Monorepos are great... but only if you can invest in the tooling scale to handle them, and most companies can't invest in that like Google can. Hyrum Wright class tooling experts don't grow on trees.
You don't need google scale tooling to work with a mono repo until you are actually at google scale. Gluing together a bunch of separate repos isn't exactly free either.
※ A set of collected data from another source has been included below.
(* Let $a_1,\dots,a_8$ be pairwise distinct positive reals and $\mathscr H_{\mathrm{small}}=\{P^{(0)}_1(a_i): i=1,\dots,4\}\cup\{P^{(1)}_2(a_i,0): i=5,\dots,8\}$. If the simple one-layer GNN satisfies $h^{(1)}_u(G)=x_u(\Gamma(G))$ for every $G\in\mathscr H_{\mathrm{small}}$ and every $u\in V(G)$, then for every $G\in\mathscr G$ and every $v\in V(G)$, $$h^{(1)}_v(G)=\min\{x_u+x_{(u,v)}:u\in\mathcal N(v)\}=x_v(\Gamma(G)).$$
   Context: Attributed graphs: $G=(V,E,X_{\mathrm v},X_{\mathrm e})$ with $V$ finite, $E$ a set of undirected edges, nonnegative edge weights $x_{(u,v)}=x_{(v,u)}\ge 0$ and nonnegative real node features $x_v$. Every node carries a self-loop of weight $x_{(v,v)}=0$, and $\mathcal N(v)=\{v\}\cup\{u:\{u,v\}\in E\}$. A constant $\beta>0$ is fixed; $\mathscr G$ is the set of attributed graphs with $\sum_{e\in E}x_e<\beta$. $x_v(H)$ denotes the feature of node $v$ in graph $H$. The Bellman–Ford operator $\Gamma$ sends $G$ to the graph with the same vertices, edges and edge weights and node features $x'_v=\min\{x_u+x_{(u,v)}:u\in\mathcal N(v)\}$. For a source $s$, $\mathrm d^{(t)}(s,v)$ is the minimal total weight of a walk from $s$ to $v$ with at most $t$ edges, or $\beta$ if none exists. $P^{(t)}_k(a_1,\dots,a_k)$ is the path graph with vertices $v_0,\dots,v_k$, edges $\{v_{i-1},v_i\}$ of weight $a_i$, and node features $x_{v_i}=\mathrm d^{(t)}(v_0,v_i)$. Simple one-layer GNN with parameters $w_2,W_{11},W_{12},b_1,b_2\in\mathbb R$ and $\sigma(z)=\max(z,0)$: $$h^{(1)}_v(G)=\sigma\Big(w_2\min_{u\in\mathcal N(v)}\sigma\big(W_{11}x_u+W_{12}x_{(u,v)}+b_1\big)+b_2\Big).$$
   Formalization: The graphs of $\mathscr H_{\mathrm{small}}$ are also assumed to lie in $\mathscr G$, that is $a_i<\beta$ for every i, in addition to being pairwise distinct and positive. The paper assumes this as well. *)

theory Defs
  imports Main "HOL.Real"
begin

text \<open>Attributed graphs. An undirected edge is a two-element vertex set; edge
weights are a function on such sets (hence symmetric automatically).
Self-loops are implicit and carry weight 0.\<close>

record 'v agraph =
  verts :: "'v set"
  edges :: "'v set set"
  ew    :: "'v set \<Rightarrow> real"
  nf    :: "'v \<Rightarrow> real"

definition wf_graph :: "'v agraph \<Rightarrow> bool" where
  "wf_graph G \<longleftrightarrow> finite (verts G) \<and>
     (\<forall>e\<in>edges G. e \<subseteq> verts G \<and> card e = 2)"
lemma runs_Cons: "\<tau> # \<sigma> \<in> runs T \<alpha> \<omega> p \<longleftrightarrow> \<tau> \<in> T \<and> \<alpha> \<tau> = p \<and> \<sigma> \<in> runs T \<alpha> \<omega> (\<omega> \<tau>)"
  by (cases \<sigma>) (auto simp: runs_def All_less_Suc2)

lemma end_state_Nil [simp]: "end_state \<omega> p [] = p"
  by (simp add: end_state_def)

lemma end_state_Cons: "end_state \<omega> p (\<tau> # \<sigma>) = end_state \<omega> (\<omega> \<tau>) \<sigma>"
  by (simp add: end_state_def)

lemma end_state_snoc [simp]: "end_state \<omega> p (\<rho> @ [\<tau>]) = \<omega> \<tau>"
  by (simp add: end_state_def)

lemma runs_append:
  "\<rho> @ \<sigma> \<in> runs T \<alpha> \<omega> p \<longleftrightarrow> \<rho> \<in> runs T \<alpha> \<omega> p \<and> \<sigma> \<in> runs T \<alpha> \<omega> (end_state \<omega> p \<rho>)"
  by (induction \<rho> arbitrary: p) (auto simp: runs_Cons end_state_Cons)

lemma runs_snoc:
  "\<rho> @ [\<tau>] \<in> runs T \<alpha> \<omega> p \<longleftrightarrow> \<rho> \<in> runs T \<alpha> \<omega> p \<and> \<tau> \<in> T \<and> \<alpha> \<tau> = end_state \<omega> p \<rho>"
  by (simp add: runs_append runs_Cons)

lemma end_state_in_states:
  "mNFA A Q T \<alpha> lb \<omega> \<Longrightarrow> p \<in> Q \<Longrightarrow> \<rho> \<in> runs T \<alpha> \<omega> p \<Longrightarrow> end_state \<omega> p \<rho> \<in> Q"
  by (cases \<rho> rule: rev_cases) (auto simp: mNFA_def runs_snoc)

lemma run_edges_iff:
  "(\<rho>1, a, \<rho>2) \<in> run_edges iv T \<alpha> lb \<omega> p \<longleftrightarrow>
     (\<exists>\<tau>. \<rho>2 = \<rho>1 @ [\<tau>] \<and> \<rho>2 \<in> runs T \<alpha> \<omega> p \<and> a = lb \<tau>) \<or>
     (\<exists>\<tau>. \<rho>1 = \<rho>2 @ [\<tau>] \<and> \<rho>1 \<in> runs T \<alpha> \<omega> p \<and> a = iv (lb \<tau>))"
  by (auto simp: run_edges_def inv_closure_def runs_snoc image_iff)
(* Under the sampling setup and partitioning cost model described in the context, let $\bar c:=n+\min\{k,n-k\}-s+2gn/s$. Then $$\mathrm{P}[c\le\bar c]\ge 1-e^{-2g^2/s}\qquad\text{and}\qquad \mathrm{E}\,c\le \bar c+2(n-s)e^{-2g^2/s}.$$
   Context: Sampling setup. Let $X=(x_1,\dots,x_n)$ be a list of $n\ge 2$ elements of a totally ordered set; repeated values are allowed. Let $x_1^*\le\dots\le x_n^*$ be these elements in sorted order. Let $k$ be an integer with $1\le k\le n$, let $s$ be an integer with $1\le s\le n-1$, and let $g>0$ be real. A set $I\subset\{1,\dots,n\}$ of $s$ positions is chosen uniformly at random among all $s$-element subsets. The sample $S=(x_j)_{j\in I}$ has sorted elements $y_1^*\le\dots\le y_s^*$. Define $i_u:=\max\{\lceil ks/n-g\rceil,1\}$, $i_v:=\min\{\lceil ks/n+g\rceil,s\}$, $u:=y_{i_u}^*$ and $v:=y_{i_v}^*$. Partitioning cost model. Each element $x_j$ with $j\notin I$ is compared with the pivots as follows. - If $k<n/2$: $x_j$ is compared with $v$ first, and with $u$ only if $x_j<v$ and $u<v$. - If $k\ge n/2$: $x_j$ is compared with $u$ first, and with $v$ only if $x_j>u$ and $u<v$. Elements of the sample are not compared. Thus the number $c$ of comparisons is: - $c=n-s$ if $u=v$; - $c=(n-s)+|\{j\notin I: x_j<v\}|$ if $u<v$ and $k<n/2$; - $c=(n-s)+|\{j\notin I: x_j>u\}|$ if $u<v$ and $k\ge n/2$. $\mathrm{P}$ and $\mathrm{E}$ denote probability and expectation with respect to the random choice of $I$. *)

theory Defs
  imports "HOL-Probability.Probability"
begin

text \<open>The list X = (x_1,...,x_n) is modelled as a function x on the positions {1..n}.\<close>

definition sample_sorted :: "(nat \<Rightarrow> 'a::linorder) \<Rightarrow> nat set \<Rightarrow> 'a list" where
  "sample_sorted x I = sort (map x (sorted_list_of_set I))"

definition ystar :: "(nat \<Rightarrow> 'a::linorder) \<Rightarrow> nat set \<Rightarrow> nat \<Rightarrow> 'a" where
  "ystar x I i = sample_sorted x I ! (i - 1)"

definition idx_u :: "nat \<Rightarrow> nat \<Rightarrow> nat \<Rightarrow> real \<Rightarrow> nat" where
  "idx_u n k s g = nat (max (\<lceil>real k * real s / real n - g\<rceil>) 1)"

definition idx_v :: "nat \<Rightarrow> nat \<Rightarrow> nat \<Rightarrow> real \<Rightarrow> nat" where
  "idx_v n k s g = nat (min (\<lceil>real k * real s / real n + g\<rceil>) (int s))"

definition pivot_u :: "(nat \<Rightarrow> 'a::linorder) \<Rightarrow> nat \<Rightarrow> nat \<Rightarrow> nat \<Rightarrow> real \<Rightarrow> nat set \<Rightarrow> 'a" where
  "pivot_u x n k s g I = ystar x I (idx_u n k s g)"

definition pivot_v :: "(nat \<Rightarrow> 'a::linorder) \<Rightarrow> nat \<Rightarrow> nat \<Rightarrow> nat \<Rightarrow> real \<Rightarrow> nat set \<Rightarrow> 'a" where
  "pivot_v x n k s g I = ystar x I (idx_v n k s g)"

definition cost :: "(nat \<Rightarrow> 'a::linorder) \<Rightarrow> nat \<Rightarrow> nat \<Rightarrow> nat \<Rightarrow> real \<Rightarrow> nat set \<Rightarrow> nat" where
  "cost x n k s g I =
     (let u = pivot_u x n k s g I; v = pivot_v x n k s g I in
      if u = v then n - s
      else if u < v \<and> real k < real n / 2 then (n - s) + card {j \<in> {1..n} - I. x j < v}
      else if u < v \<and> real k \<ge> real n / 2 then (n - s) + card {j \<in> {1..n} - I. u < x j}
      else undefined)"

definition sample_pmf :: "nat \<Rightarrow> nat \<Rightarrow> nat set pmf" where
  "sample_pmf n s = pmf_of_set {I. I \<subseteq> {1..n} \<and> card I = s}"

end

theory Submission
  imports Defs
begin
See, for example, the complicated disaster Amazon has with brazil.
In the limit, there are only two options:
1. All code lives one repo
2. Every function/class/entity lives in its own repo
with a third state in between
3. You accept code duplication
This compromise state where some code duplication is (maybe implicitly) acceptable is what most people have in mind with a poly-repo.
The problem though is that (3) is not a stable equilibrium.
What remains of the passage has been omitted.